“Adapt to serve nature or become extinct”: Evolution
Natural selection is not teleological. A species does not evolve from an inferior state to a superior one, it changes in response to new environmental circumstances. There are no “higher” forms of life, and to claim otherwise is tantamount to race (and species) essentialism. Species adapt to harmonize better with nature, not to surpass and dominate it.

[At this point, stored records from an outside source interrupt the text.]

lemma countable_sup_below:
  fixes s :: "nat \<Rightarrow> 'a"
  assumes "\<And>n. s n < K"
  obtains \<gamma> where "\<gamma> < K" and "\<And>n. s n < \<gamma>" and "\<And>\<alpha>. \<alpha> < \<gamma> \<Longrightarrow> \<exists>n. \<alpha> \<le> s n"
proof -
  have "|range s| \<le>o |A|"
    using card_of_image infinite_iff_card_of_nat infinite_pred ordLeq_transitive by blast
  then obtain \<beta> where "\<beta> < K" and \<beta>: "\<forall>n. s n < \<beta>"
    using small_subset_bounded[of "range s"] assms by (auto simp: seg_def)
  define \<gamma> where "\<gamma> = (LEAST \<gamma>. \<forall>n. s n < \<gamma>)"
  show thesis
  proof (rule that)
    show "s n < \<gamma>" for n
      unfolding \<gamma>_def using \<beta> by (rule LeastI2_ex[OF exI]) blast
    show "\<gamma> < K"
      using Least_le[of "\<lambda>\<gamma>. \<forall>n. s n < \<gamma>", OF \<beta>] \<open>\<beta> < K\<close> unfolding \<gamma>_def by simp
    show "\<exists>n. \<alpha> \<le> s n" if "\<alpha> < \<gamma>" for \<alpha>
      using not_less_Least[OF that[unfolded \<gamma>_def]] by (auto simp: not_less)
  qed
qed

lemma clubs_interleave:
  assumes "J \<noteq> {}" and card_J: "|J| \<le>o |A|" and clubs: "\<And>j. j \<in> J \<Longrightarrow> club K (C j)"
    and "\<alpha> < K"
  shows "\<exists>\<beta><K. \<alpha> < \<beta> \<and> (\<forall>j\<in>J. \<exists>c\<in>C j. \<alpha> < c \<and> c < \<beta>)"
proof -
  have "\<forall>j\<in>J. \<exists>c. c \<in> C j \<and> \<alpha> < c"
    using club_unbounded[OF clubs \<open>\<alpha> < K\<close>] by blast
  from bchoice[OF this] obtain c where c: "\<forall>j\<in>J. c j \<in> C j \<and> \<alpha> < c j"
    by blast
  have "c ` J \<subseteq> seg K"
    using c club_subset_seg[OF clubs] by blast
  moreover have "|c ` J| \<le>o |A|"
    by (rule ordLeq_transitive[OF card_of_image card_J])
  ultimately obtain \<beta> where "\<beta> < K" and \<beta>: "\<forall>j\<in>J. c j < \<beta>"
    by (blast dest: small_subset_bounded)
  moreover obtain j where "j \<in> J"
    using \<open>J \<noteq> {}\<close> by blast
  then have "\<alpha> < \<beta>"
    using c \<beta> less_trans by blast
  ultimately show ?thesis
    using c by blast
qed

lemma club_Inter_nonempty:
  assumes card_J: "|J| \<le>o |A|" and clubs: "\<And>j. j \<in> J \<Longrightarrow> club K (C j)"
  shows "\<exists>\<gamma><K. \<forall>j\<in>J. \<gamma> \<in> C j"
proof -
  have "seg K \<noteq> {}"
    using infinite_seg by auto
  then obtain \<alpha>\<^sub>0 where "\<alpha>\<^sub>0 < K"
    by (auto simp: seg_def)
  show ?thesis
  proof (cases "J = {}")
    case True
    then show ?thesis
      using \<open>\<alpha>\<^sub>0 < K\<close> by blast
  next
    case False
    define nxt where "nxt \<alpha> = (SOME \<beta>. \<beta> < K \<and> \<alpha> < \<beta> \<and> (\<forall>j\<in>J. \<exists>c\<in>C j. \<alpha> < c \<and> c < \<beta>))"
      for \<alpha>
    have nxt: "nxt \<alpha> < K \<and> \<alpha> < nxt \<alpha> \<and> (\<forall>j\<in>J. \<exists>c\<in>C j. \<alpha> < c \<and> c < nxt \<alpha>)"
      if "\<alpha> < K" for \<alpha>
      unfolding nxt_def by (rule someI_ex[OF clubs_interleave[OF False card_J clubs that]])
    define s where "s n = (nxt ^^ n) \<alpha>\<^sub>0" for n
    have s_Suc: "s (Suc n) = nxt (s n)" for n
      by (simp add: s_def)
    have s: "s n < K" for n
    proof (induction n)
      case 0
      show ?case
        using \<open>\<alpha>\<^sub>0 < K\<close> by (simp add: s_def)
    next
      case (Suc n)
      then show ?case
        using nxt by (simp add: s_Suc)
    qed
    obtain \<gamma> where "\<gamma> < K" and below: "\<And>n. s n < \<gamma>"
      and cofinal: "\<And>\<alpha>. \<alpha> < \<gamma> \<Longrightarrow> \<exists>n. \<alpha> \<le> s n"
      using countable_sup_below[of s, OF s] by blast
    have "\<gamma> \<in> C j" if "j \<in> J" for j
    proof (rule club_contains_limit[OF clubs[OF that] \<open>\<gamma> < K\<close> below cofinal])
      show "\<exists>c\<in>C j. s n < c \<and> c < s (Suc n)" for n
        using nxt s[of n] \<open>j \<in> J\<close> by (simp add: s_Suc)
    qed
    with \<open>\<gamma> < K\<close> show ?thesis
      by blast
  qed
qed

lemma stationary_fiber:
  assumes "|g ` seg K| \<le>o |A|"
  shows "\<exists>y. stationary K {x\<in>seg K. g x = y}"
proof (rule ccontr)
  assume "\<not> ?thesis"
  then have "\<forall>y. \<exists>C. club K C \<and> {x\<in>seg K. g x = y} \<inter> C = {}"
    unfolding stationary_def by auto
  from choice[OF this] obtain C where C: "\<forall>y. club K (C y) \<and> {x\<in>seg K. g x = y} \<inter> C y = {}"
    by blast
  obtain \<gamma> where "\<gamma> < K" "\<forall>y\<in>g ` seg K. \<gamma> \<in> C y"
    using club_Inter_nonempty[OF assms, where C = C] C by blast
  then have "\<gamma> \<in> {x\<in>seg K. g x = g \<gamma>} \<inter> C (g \<gamma>)"
    by (simp add: seg_def)
  with C show False
    by blast
qed
lemma circ_eig_alternating:
  assumes "k < 2 * m + 2"
  shows "circ_eig (2 * m + 2) (\<lambda>l. 1 + e * (-1) ^ l) k
     = of_nat (2 * m + 2) * ((if k = 0 then 1 else 0) + of_real e * (if k = m + 1 then 1 else 0))"
proof -
  let ?n = "2 * m + 2" and ?\<omega> = "unit_root (2 * m + 2)"
  have summand: "complex_of_real (1 + e * (-1) ^ l) * ?\<omega> ^ (k * l)
      = ?\<omega> ^ (k * l) + of_real e * ?\<omega> ^ ((k + (m + 1)) * l)" for l
  proof -
    have shift: "?\<omega> ^ ((k + (m + 1)) * l) = ?\<omega> ^ (k * l) * (-1) ^ l"
      using unit_root_half_power[of m] by (metis add_mult_distrib power_add power_mult)
    show ?thesis unfolding shift by (simp add: algebra_simps)
  qed
  have geo: "(\<Sum>l<?n. ?\<omega> ^ (p * l)) = (if ?n dvd p then of_nat ?n else 0)" for p
    by (rule sum_unit_root_powers) simp
  have dvd_0: "?n dvd k \<longleftrightarrow> k = 0" using assms by (auto dest: dvd_imp_le)
  have dvd_half: "?n dvd (k + (m + 1)) \<longleftrightarrow> k = m + 1"
    using dvd_iff_eq_if_less_double[of "k + (m + 1)" ?n] assms by simp
  have "circ_eig ?n (\<lambda>l. 1 + e * (-1) ^ l) k
      = (\<Sum>l<?n. ?\<omega> ^ (k * l)) + of_real e * (\<Sum>l<?n. ?\<omega> ^ ((k + (m + 1)) * l))"
    unfolding circ_eig_unit_root summand sum.distrib sum_distrib_left ..
  thus ?thesis unfolding geo dvd_0 dvd_half by simp
qed

lemma circ_eig_alternating_perturbation:
  assumes "k < 2 * m + 2"
  shows "circ_eig (2 * m + 2) (\<lambda>l. r l + t / real (2 * m + 2) * (1 + e * (-1) ^ l)) k
     = circ_eig (2 * m + 2) r k + of_real (if k = 0 then t else if k = m + 1 then e * t else 0)"
proof -
  have scale: "complex_of_real (t / real (2 * m + 2)) * of_nat (2 * m + 2) = of_real t"
  proof -
    have "t / real (2 * m + 2) * real (2 * m + 2) = t" by simp
    thus ?thesis by (metis of_real_mult of_real_of_nat_eq)
  qed
  have "circ_eig (2 * m + 2) (\<lambda>l. r l + t / real (2 * m + 2) * (1 + e * (-1) ^ l)) k
     = circ_eig (2 * m + 2) r k
       + of_real t * ((if k = 0 then 1 else 0) + of_real e * (if k = m + 1 then 1 else 0))"
    unfolding circ_eig_add_scaled[of _ r] circ_eig_alternating[OF assms] mult.assoc[symmetric] scale ..
  also have "\<dots> = circ_eig (2 * m + 2) r k
       + of_real (if k = 0 then t else if k = m + 1 then e * t else 0)"
    by (cases "k = 0"; cases "k = m + 1") simp_all
  finally show ?thesis .
qed

definition cyc_offset :: "nat \<Rightarrow> nat \<Rightarrow> nat \<Rightarrow> nat" where
  "cyc_offset n i j = nat ((int j - int i) mod int n)"

lemma cyc_offset_less: "0 < n \<Longrightarrow> cyc_offset n i j < n"
  unfolding cyc_offset_def by (simp add: nat_less_iff)

lemma cyc_offset_add_mod:
  assumes "0 < n" shows "(cyc_offset n i j + i) mod n = j mod n"
proof -
  have "int ((cyc_offset n i j + i) mod n) = ((int j - int i) mod int n + int i) mod int n"
    using assms by (simp add: cyc_offset_def zmod_int)
  also have "\<dots> = int (j mod n)" by (simp add: mod_add_left_eq zmod_int)
  finally show ?thesis by simp
qed

lemma cyc_offset_mod_add: assumes "b < n" shows "cyc_offset n i ((b + i) mod n) = b"
proof -
  have "(int ((b + i) mod n) - int i) mod int n = int b"
    using assms by (simp add: zmod_int mod_diff_left_eq)
  thus ?thesis unfolding cyc_offset_def by simp
qed

lemma cyc_offset_add_right: "cyc_offset n i (j + n) = cyc_offset n i j"
proof -
  have "int (j + n) - int i = (int j - int i) + int n" by simp
  thus ?thesis unfolding cyc_offset_def by (simp only: mod_add_self2)
qed

lemma cyc_offset_0_left: "cyc_offset n 0 j = j mod n"
  unfolding cyc_offset_def by (simp flip: zmod_int)

lemma circulant_add: "circulant n f + circulant n g = circulant n (\<lambda>l. f l + g l)"
  by (rule eq_matI) (auto simp: circulant_def)

lemma circulant_diff: "circulant n f - circulant n g = circulant n (\<lambda>l. f l - g l)"
  by (rule eq_matI) (auto simp: circulant_def)

lemma nonneg_circulant_first_row:
  assumes "nonneg_mat (circulant n r)" and "l < n"
  shows "0 \<le> r l"
proof -
  have "\<forall>i<n. \<forall>j<n. 0 \<le> r (nat ((int j - int i) mod int n))"
    using assms(1) by (simp add: nonneg_mat_def circulant_def)
  hence "0 \<le> r (nat (int l mod int n))" using assms(2) by fastforce
  thus ?thesis using assms(2) by (simp flip: zmod_int)
qed

lemma sum_cyc_offset_unit_root:
  assumes n: "0 < n"
  shows "(\<Sum>j<n. f (cyc_offset n i j) * unit_root n ^ (k * j))
       = unit_root n ^ (k * i) * (\<Sum>l<n. f l * unit_root n ^ (k * l))"
proof -
  have "(\<Sum>j<n. f (cyc_offset n i j) * unit_root n ^ (k * j))
      = (\<Sum>l<n. f l * unit_root n ^ (k * ((l + i) mod n)))"
    by (rule sum.reindex_bij_witness[where i = "\<lambda>l. (l + i) mod n" and j = "cyc_offset n i"])
       (use n in \<open>auto simp: cyc_offset_less cyc_offset_add_mod cyc_offset_mod_add\<close>)
  also have "\<dots> = (\<Sum>l<n. unit_root n ^ (k * i) * (f l * unit_root n ^ (k * l)))"
  proof (rule sum.cong[OF refl])
    fix l
    have "unit_root n ^ (k * ((l + i) mod n)) = unit_root n ^ (k * l + k * i)"
      by (rule unit_root_power_cong[OF n]) (simp add: mod_mult_right_eq distrib_left)
    thus "f l * unit_root n ^ (k * ((l + i) mod n)) = unit_root n ^ (k * i) * (f l * unit_root n ^ (k * l))"
      by (simp add: power_add)
  qed
  finally show ?thesis by (simp add: sum_distrib_left)
qed
lemma ord_prime_power_modulus_exponent:
  fixes p k m s :: nat
  assumes p: "Factorial_Ring.prime p" and ord: "ord (p^m) s = p^k"
  shows "k = 0 \<or> k < m"
proof (cases "m = 0")
  case True
  hence "p^k = 1" using ord by simp
  thus ?thesis using prime_gt_1_nat[OF p] by simp
next
  case False
  have "ord (p^m) s > 0" using ord p by (simp add: prime_gt_0_nat)
  hence "coprime (p^m) s" by simp
  hence "p^k dvd totient (p^m)" unfolding ord[symmetric] by (rule order_divides_totient)
  also have "totient (p^m) = p^(m-1)*(p-1)" using False p by (simp add: totient_prime_power)
  finally have "p^k dvd p^(m-1)*(p-1)" .
  moreover have "coprime p (p - 1)"
    using prime_gt_1_nat[OF p] by (intro coprime_diff_one_right_nat) simp
  then have "coprime (p^k) (p-1)" by simp
  ultimately have "p^k dvd p^(m-1)" by (simp add: coprime_dvd_mult_left_iff)
  hence "k \<le> m - 1" using p prime_ge_2_nat[of p] by (simp add: dvd_power_iff_le)
  thus ?thesis using False by auto
qed

lemma cong_mult_eq_of_gcd_eq:
  fixes a b N :: nat
  assumes N: "N > 0" and gcd_eq: "gcd a N = gcd b N"
  shows "\<exists>j. coprime j (N div gcd a N) \<and> [a * j = b] (mod N)"
proof -
  define e where "e = gcd a N"
  define d where "d = N div e"
  have "e > 0" using N by (simp add: e_def)
  have N_eq: "N = e * d" by (simp add: d_def e_def)
  obtain a' where a': "a = e * a'" unfolding e_def using gcd_dvd1 by (rule dvdE)
  obtain b' where b': "b = e * b'" unfolding e_def gcd_eq using gcd_dvd1 by (rule dvdE)
  have "e * gcd a' d = gcd (e * a') (e * d)" by (rule gcd_mult_distrib_nat)
  also have "\<dots> = e" by (simp only: a'[symmetric] N_eq[symmetric] e_def[symmetric])
  finally have "e = e * gcd a' d" by (rule sym)
  hence "gcd a' d = 1 \<or> e = 0" by (rule mult_eq_self_implies_10)
  hence "gcd a' d = 1" using \<open>e > 0\<close> by (elim disjE) simp_all
  have "e * gcd b' d = gcd (e * b') (e * d)" by (rule gcd_mult_distrib_nat)
  also have "\<dots> = gcd b N" by (simp only: b'[symmetric] N_eq[symmetric])
  also have "\<dots> = e" by (simp only: e_def gcd_eq)
  finally have "e = e * gcd b' d" by (rule sym)
  hence "gcd b' d = 1 \<or> e = 0" by (rule mult_eq_self_implies_10)
  hence "gcd b' d = 1" using \<open>e > 0\<close> by (elim disjE) simp_all
  obtain i where i: "[a' * i = Suc 0] (mod d)"
    using cong_solve_coprime_nat[of a' d] \<open>gcd a' d = 1\<close> unfolding coprime_iff_gcd_eq_1 by blast
  have "coprime (a' * i) d" by (rule cong_imp_coprime[OF cong_sym[OF i]]) simp
  hence "coprime (i * b') d" using \<open>gcd b' d = 1\<close> unfolding coprime_iff_gcd_eq_1[symmetric] by simp
  have "[a' * i * b' = Suc 0 * b'] (mod d)" using i by (rule cong_scalar_right)
  hence "(e * (a' * i * b')) mod (e * d) = (e * b') mod (e * d)" by (simp add: cong_def mod_mult_mult1)
  hence "[a * (i * b') = b] (mod N)" unfolding cong_def a' b' N_eq by (simp add: mult.assoc)
  moreover have "coprime (i * b') (N div gcd a N)" using \<open>coprime (i * b') d\<close> unfolding d_def e_def .
  ultimately show ?thesis by blast
qed
lemma lwins_gneg: "p \<le> TB \<Longrightarrow> lwins TB (gneg G) (TB - p) (\<not> m) \<longleftrightarrow> \<not> lwins TB G p m"
proof (induction G arbitrary: p m)
  case (Game GL GR)
  have IH: "lwins TB (gneg g) (TB - q) m \<longleftrightarrow> \<not> lwins TB g q (\<not> m)"
    if "g \<in> fset GL \<union> fset GR" "q \<le> TB" for g q m
    using Game.IH(1)[of g q "\<not> m"] Game.IH(2)[of g q "\<not> m"] that by auto
  have some_neg: "lwins_some TB (gneg |`| GR) (TB - q) M \<longleftrightarrow> \<not> lwins_all TB GR q (Not ` M)"
    if "q \<le> TB" for q M
    using that by (simp add: lwins_some_def lwins_all_def IH)
  have all_neg: "lwins_all TB (gneg |`| GL) (TB - q) M \<longleftrightarrow> \<not> lwins_some TB GL q (Not ` M)"
    if "q \<le> TB" for q M
    using that by (simp add: lwins_some_def lwins_all_def IH)
  \<comment> \<open>Negation exchanges the players, hence the bids.\<close>
  have round_neg: "lwins_round TB (gneg (Game GL GR)) (TB - p) (\<not> m) l r \<longleftrightarrow> \<not> lwins_round TB (Game GL GR) p m r l"
    if "l \<le> TB - p" "r \<le> p" for l r
  proof -
    have "lwins_some TB (gneg |`| GR) (TB - p - l) M \<longleftrightarrow> \<not> lwins_all TB GR (p + l) (Not ` M)" for M
      using some_neg[of "p + l" M] that Game.prems by simp
    moreover have "TB - (p - r) = TB - p + r"
      using that Game.prems by simp
    then have "lwins_all TB (gneg |`| GL) (TB - p + r) M \<longleftrightarrow> \<not> lwins_some TB GL (p - r) (Not ` M)" for M
      using all_neg[of "p - r" M] Game.prems by simp
    moreover have "Not ` UNIV = UNIV"
      by (rule surjI[of Not Not]) simp
    ultimately show ?thesis
      by (cases m) (auto simp: lwins_round_def)
  qed
  have "lwins TB (gneg (Game GL GR)) (TB - p) (\<not> m) \<longleftrightarrow> (\<exists>l\<le>TB - p. \<forall>r\<le>p. \<not> lwins_round TB (Game GL GR) p m r l)"
  proof -
    have "TB - (TB - p) = p"
      using Game.prems by simp
    then show ?thesis
      unfolding lwins_iff_round using round_neg by (metis (no_types, lifting))
  qed
  also have "\<dots> \<longleftrightarrow> \<not> lwins TB (Game GL GR) p m"
    unfolding lwins_iff_round lwins_round_determined by blast
  finally show ?case .
qed

section \<open>The order on game forms\<close>

lemma game_ge_iff:
  "game_ge TB G H \<longleftrightarrow> (\<forall>X p m. p \<le> TB \<longrightarrow> lwins TB (gplus H X) p m \<longrightarrow> lwins TB (gplus G X) p m)"
  unfolding game_ge_def outcome_le_def outc_def by auto

lemma game_geD: "game_ge TB G H \<Longrightarrow> p \<le> TB \<Longrightarrow> lwins TB (gplus H X) p m \<Longrightarrow> lwins TB (gplus G X) p m"
  unfolding game_ge_iff by blast

lemma game_ge_refl: "game_ge TB G G"
  by (simp add: game_ge_iff)

lemma game_lt_imp_ge: "game_lt TB G H \<Longrightarrow> game_ge TB H G"
  by (simp add: game_lt_def game_gt_def)

lemma game_ge_trans [trans]: "game_ge TB G H \<Longrightarrow> game_ge TB H K \<Longrightarrow> game_ge TB G K"
  unfolding game_ge_iff by blast

lemma game_ge_gplus: "game_ge TB G H \<Longrightarrow> game_ge TB (gplus G K) (gplus H K)"
  unfolding game_ge_iff by (simp add: gplus_assoc)

lemma game_ge_gneg: "game_ge TB G H \<Longrightarrow> game_ge TB (gneg H) (gneg G)"
proof (unfold game_ge_iff, intro allI impI)
  fix X p m
  assume "\<forall>X p m. p \<le> TB \<longrightarrow> lwins TB (gplus H X) p m \<longrightarrow> lwins TB (gplus G X) p m"
    and "p \<le> TB" and "lwins TB (gplus (gneg G) X) p m"
  moreover have "gplus (gneg K) X = gneg (gplus K (gneg X))" for K
    by (simp add: gneg_gplus)
  ultimately show "lwins TB (gplus (gneg H) X) p m"
    using lwins_gneg[of "TB - p" TB _ "\<not> m"] by auto
qed

lemma game_ge_gplus_gneg:
  assumes "game_ge TB A C" and "game_ge TB B (gneg C)" and "game_ge TB (gplus C (gneg C)) gzero"
  shows "game_ge TB (gplus A B) gzero"
proof -
  have "game_ge TB (gplus A B) (gplus C B)"
    using game_ge_gplus[OF assms(1)] .
  also have "game_ge TB (gplus C B) (gplus C (gneg C))"
    using game_ge_gplus[OF assms(2), of C] by (simp add: gplus_comm)
  also have "game_ge TB \<dots> gzero"
    using assms(3) .
  finally show ?thesis .
qed

lemma ropts_gplus_ge:
  assumes "\<And>g. g |\<in>| ropts G \<Longrightarrow> game_ge TB g G" and "\<And>h. h |\<in>| ropts H \<Longrightarrow> game_ge TB h H"
    and "x |\<in>| ropts (gplus G H)"
  shows "game_ge TB x (gplus G H)"
  using assms game_ge_gplus[of TB _ G H] game_ge_gplus[of TB _ H G]
  by (auto simp: ropts_gplus gplus_comm)

lemma ropts_gneg_ge:
  assumes "\<And>g. g |\<in>| lopts G \<Longrightarrow> game_ge TB G g" and "x |\<in>| ropts (gneg G)"
  shows "game_ge TB x (gneg G)"
  using assms game_ge_gneg by (auto simp: ropts_gneg)

section \<open>Nonnegative games\<close>

lemma lwins_gplus_nonneg: "game_ge TB K gzero \<Longrightarrow> p \<le> TB \<Longrightarrow> lwins TB Z p m \<Longrightarrow> lwins TB (gplus K Z) p m"
  using game_geD[of TB K gzero p Z m] by simp
theorem theorem2:
  shows "\<exists>(AP :: nat \<Rightarrow> nat set) (L :: nat \<Rightarrow> nat set list set).
     (\<forall>n\<ge>1. finite (AP n) \<and> L n \<subseteq> traces (AP n)) \<and>
     (\<exists>(c::nat) (k::nat). \<forall>n\<ge>1. \<exists>\<phi>. in_LTL {OpF} (AP n) \<phi> \<and>
          lang (AP n) \<phi> = L n \<and> fsize \<phi> \<le> c * n ^ k + c) \<and>
     (\<exists>(c::real) (N::nat). c > 0 \<and> (\<forall>n\<ge>max 1 N. \<forall>\<psi>.
          in_F_LTL {OpY, OpWY, OpO, OpH} (AP n) \<psi> \<and> lang (AP n) \<psi> = L n
          \<longrightarrow> 2 powr (c * real n) \<le> real (fsize \<psi>)))"
proof -
  have "\<forall>n\<ge>1. in_LTL {OpF} {..<4*n} (phi n) \<and> fsize (phi n) \<le> 10 * n ^ 1 + 10"
    by (simp add: phi_in_LTL_F fsize_phi)
  then show ?thesis
    using powr_half_le_fsize_if_lang_eq_phi
    by (intro exI[of _ "\<lambda>n. {..<4*n}"] exI[of _ "\<lambda>n. lang {..<4*n} (phi n)"] conjI
        exI[of _ 10] exI[of _ 1] exI[of _ "1/2"] exI[of _ 4])
      (auto simp: lang_def)
qed

end
(* Let $G=(V,E)$ be a finite simple graph of order $n$ and let $T=n-1$. If $(x,y,z)$ is an optimal solution of the integer program with the constraints of the Time Step Model $\mathrm{TSM}(G,T)$ and objective "minimize $\sum_{v\in V}x^0_v+\sum_{t\in[T]}z^t$", then $C=\{v\in V\colon x^0_v=1\}$ is a zero forcing set of $G$ with $\mathrm{th}(G)=\mathrm{th}(G,C)=\sum_{v\in V}x^0_v+\sum_{t\in[T]}z^t$.
   Context: Zero forcing: under the standard color change rule a filled vertex $u$ can force a non-filled vertex $v$ if $v$ is the only non-filled neighbor of $u$; $C\subseteq V$ is a zero forcing set if, starting with $C$ filled and repeatedly forcing, all of $V$ becomes filled. The propagation time $\mathrm{pt}(G,C)$ is the smallest $t^*$ such that, starting from $C^{[0]}=C$ and setting $C^{[t]}=C^{[t-1]}\cup\{v\notin C^{[t-1]}\colon$ some $u\in C^{[t-1]}$ has $v$ as its only neighbor outside $C^{[t-1]}\}$, one has $C^{[t^*]}=V$ ($\infty$ if $C$ is not a zero forcing set). $\mathrm{th}(G,C)=|C|+\mathrm{pt}(G,C)$ and $\mathrm{th}(G)=\min_{C\subseteq V}\mathrm{th}(G,C)$. $N(u)$ is the neighborhood of $u$ and $d(u)=|N(u)|$. Time Step Model constraints: $A$ is the set of arcs containing $(u,v)$ and $(v,u)$ for each edge $\{u,v\}$, $[T]=\{1,\dots,T\}$. Binary variables $x^t_v$ ($v\in V$, $t\in\{0,\dots,T\}$), $y^t_a$ ($a\in A$, $t\in[T]$), $z^t$ ($t\in[T]$), with constraints: (1) $x^0_v+\sum_{t\in[T]}\sum_{a=(u,v)\in A}y^t_a=1$ for all $v$; (2) $y^t_a\leq x^{t-1}_u$ for all $a=(u,v)\in A$, $t\in[T]$; (3) $y^t_a\leq x^{t-1}_w$ for all $a=(u,v)\in A$, $w\in N(u)\setminus\{v\}$, $t\in[T]$; (4) $x^t_v=x^{t-1}_v+\sum_{a=(u,v)\in A}y^t_a$ for all $v$, $t\in[T]$; (5) $x^{t-1}_u-x^{t-1}_v+\sum_{w\in N(u)\setminus\{v\}}x^{t-1}_w\leq\sum_{a=(w,v)\in A}y^t_a+d(u)-1$ for all $(u,v)\in A$, $t\in[T]$; (6) $\frac1n\sum_{v\in V}(x^t_v-x^{t-1}_v)-z^t\leq0$ for all $t\in[T]$; (7) $z^t-\sum_{v\in V}(x^t_v-x^{t-1}_v)\leq 0$ for all $t\in[T]$. *)

theory Defs
  imports Main "HOL-Library.Extended_Nat" Complex_Main
begin

definition simple_graph :: "'a set \<Rightarrow> ('a \<Rightarrow> 'a \<Rightarrow> bool) \<Rightarrow> bool" where
  "simple_graph V E \<longleftrightarrow> finite V \<and> (\<forall>u v. E u v \<longrightarrow> u \<in> V \<and> v \<in> V)
     \<and> (\<forall>u v. E u v \<longrightarrow> E v u) \<and> (\<forall>u. \<not> E u u)"

definition nbhd :: "'a set \<Rightarrow> ('a \<Rightarrow> 'a \<Rightarrow> bool) \<Rightarrow> 'a \<Rightarrow> 'a set" where
  "nbhd V E u = {w \<in> V. E u w}"

definition deg :: "'a set \<Rightarrow> ('a \<Rightarrow> 'a \<Rightarrow> bool) \<Rightarrow> 'a \<Rightarrow> nat" where
  "deg V E u = card (nbhd V E u)"

definition arcs :: "'a set \<Rightarrow> ('a \<Rightarrow> 'a \<Rightarrow> bool) \<Rightarrow> ('a \<times> 'a) set" where
  "arcs V E = {(u, v). u \<in> V \<and> v \<in> V \<and> E u v}"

It’s with its third season, fans always claim, that Star Trek: The Next Generation finally got good and started to become the show we know and love. Older accounts would breathlessly emphasize how the show was apparently on the verge of cancellation because of how terrible the first two years were, and it was only “The Best of Both Worlds, Part 1” that saved it and guaranteed it would go on to have a prosperous future. Nowadays, especially with mainline fandom’s re-evaluation of the Dominion War arc and the success of Battlestar Galactica, it’s become trendy to say that not only was Star Trek: The Next Generation‘s third season the beginning of “the good part”, it was unambiguously the best year of the entire series *by far* because it was the only time both Ronald D. Moore and Ira Steven Behr (the former being responsible for the reimagined BSG while both helmed the Dominion War) were on staff together. The true story of this fan-favourite run of stories is a bit more complicated then either of those accounts would lead you to believe, however, and there’s one very important person whose positionality always seems to get swept up in the torrent of the Master Narrative and overlooked.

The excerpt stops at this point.